(Data items)
_ _ _ _

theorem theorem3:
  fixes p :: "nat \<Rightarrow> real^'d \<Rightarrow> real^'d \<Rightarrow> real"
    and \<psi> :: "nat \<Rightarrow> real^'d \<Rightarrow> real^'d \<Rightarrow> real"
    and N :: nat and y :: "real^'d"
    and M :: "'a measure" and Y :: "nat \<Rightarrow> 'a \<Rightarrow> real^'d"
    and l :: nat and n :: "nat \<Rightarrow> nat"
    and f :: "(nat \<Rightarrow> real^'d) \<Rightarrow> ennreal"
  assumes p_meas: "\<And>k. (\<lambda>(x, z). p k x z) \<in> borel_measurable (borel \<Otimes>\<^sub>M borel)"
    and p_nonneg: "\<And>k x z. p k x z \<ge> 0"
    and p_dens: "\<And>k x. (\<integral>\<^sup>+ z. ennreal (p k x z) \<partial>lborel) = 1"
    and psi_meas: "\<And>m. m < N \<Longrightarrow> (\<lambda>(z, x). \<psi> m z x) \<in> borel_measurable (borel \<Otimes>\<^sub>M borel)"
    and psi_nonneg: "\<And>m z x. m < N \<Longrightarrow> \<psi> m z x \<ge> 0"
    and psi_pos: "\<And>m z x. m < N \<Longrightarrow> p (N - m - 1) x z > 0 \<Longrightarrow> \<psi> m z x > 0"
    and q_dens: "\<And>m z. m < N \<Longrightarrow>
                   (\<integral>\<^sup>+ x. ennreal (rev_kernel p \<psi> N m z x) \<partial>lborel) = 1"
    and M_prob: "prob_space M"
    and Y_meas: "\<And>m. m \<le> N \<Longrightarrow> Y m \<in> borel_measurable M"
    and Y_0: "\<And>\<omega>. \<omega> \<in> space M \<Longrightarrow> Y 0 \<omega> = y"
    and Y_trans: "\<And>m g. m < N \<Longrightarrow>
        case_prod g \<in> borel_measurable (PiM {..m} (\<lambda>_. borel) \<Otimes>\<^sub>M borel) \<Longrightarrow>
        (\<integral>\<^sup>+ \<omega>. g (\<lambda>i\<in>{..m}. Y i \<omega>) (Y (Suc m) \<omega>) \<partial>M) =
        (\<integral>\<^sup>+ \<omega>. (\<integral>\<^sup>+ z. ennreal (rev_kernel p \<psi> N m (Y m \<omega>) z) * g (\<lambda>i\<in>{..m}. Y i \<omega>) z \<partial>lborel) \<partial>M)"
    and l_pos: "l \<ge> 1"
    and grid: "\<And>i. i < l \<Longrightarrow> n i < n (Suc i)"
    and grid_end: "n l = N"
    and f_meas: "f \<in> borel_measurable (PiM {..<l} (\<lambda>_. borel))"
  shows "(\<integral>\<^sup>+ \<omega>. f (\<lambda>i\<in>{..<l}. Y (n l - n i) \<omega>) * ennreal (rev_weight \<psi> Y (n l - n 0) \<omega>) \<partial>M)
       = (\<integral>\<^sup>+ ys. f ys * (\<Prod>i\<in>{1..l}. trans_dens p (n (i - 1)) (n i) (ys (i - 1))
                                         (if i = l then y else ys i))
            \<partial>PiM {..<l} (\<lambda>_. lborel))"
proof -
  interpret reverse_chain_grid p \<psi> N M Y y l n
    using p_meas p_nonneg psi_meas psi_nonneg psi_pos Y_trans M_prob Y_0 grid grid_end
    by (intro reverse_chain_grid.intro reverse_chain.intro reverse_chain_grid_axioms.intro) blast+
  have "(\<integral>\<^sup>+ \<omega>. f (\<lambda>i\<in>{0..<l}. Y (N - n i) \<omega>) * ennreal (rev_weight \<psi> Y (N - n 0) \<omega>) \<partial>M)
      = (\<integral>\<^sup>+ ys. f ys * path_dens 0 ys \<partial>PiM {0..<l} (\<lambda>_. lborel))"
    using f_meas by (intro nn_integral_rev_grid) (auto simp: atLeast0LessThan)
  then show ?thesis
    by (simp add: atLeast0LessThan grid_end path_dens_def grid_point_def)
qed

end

_ _ _ _

■ YOUR GOAL ■
Of the lines above, show those in which "lborel" appears.

■ TASK OUTPUT ■
    and p_dens: "\<And>k x. (\<integral>\<^sup>+ z. ennreal (p k x z) \<partial>lborel) = 1"
                   (\<integral>\<^sup>+ x. ennreal (rev_kernel p \<psi> N m z x) \<partial>lborel) = 1"
        (\<integral>\<^sup>+ \<omega>. (\<integral>\<^sup>+ z. ennreal (rev_kernel p \<psi> N m (Y m \<omega>) z) * g (\<lambda>i\<in>{..m}. Y i \<omega>) z \<partial>lborel) \<partial>M)"
            \<partial>PiM {..<l} (\<lambda>_. lborel))"
      = (\<integral>\<^sup>+ ys. f ys * path_dens 0 ys \<partial>PiM {0..<l} (\<lambda>_. lborel))"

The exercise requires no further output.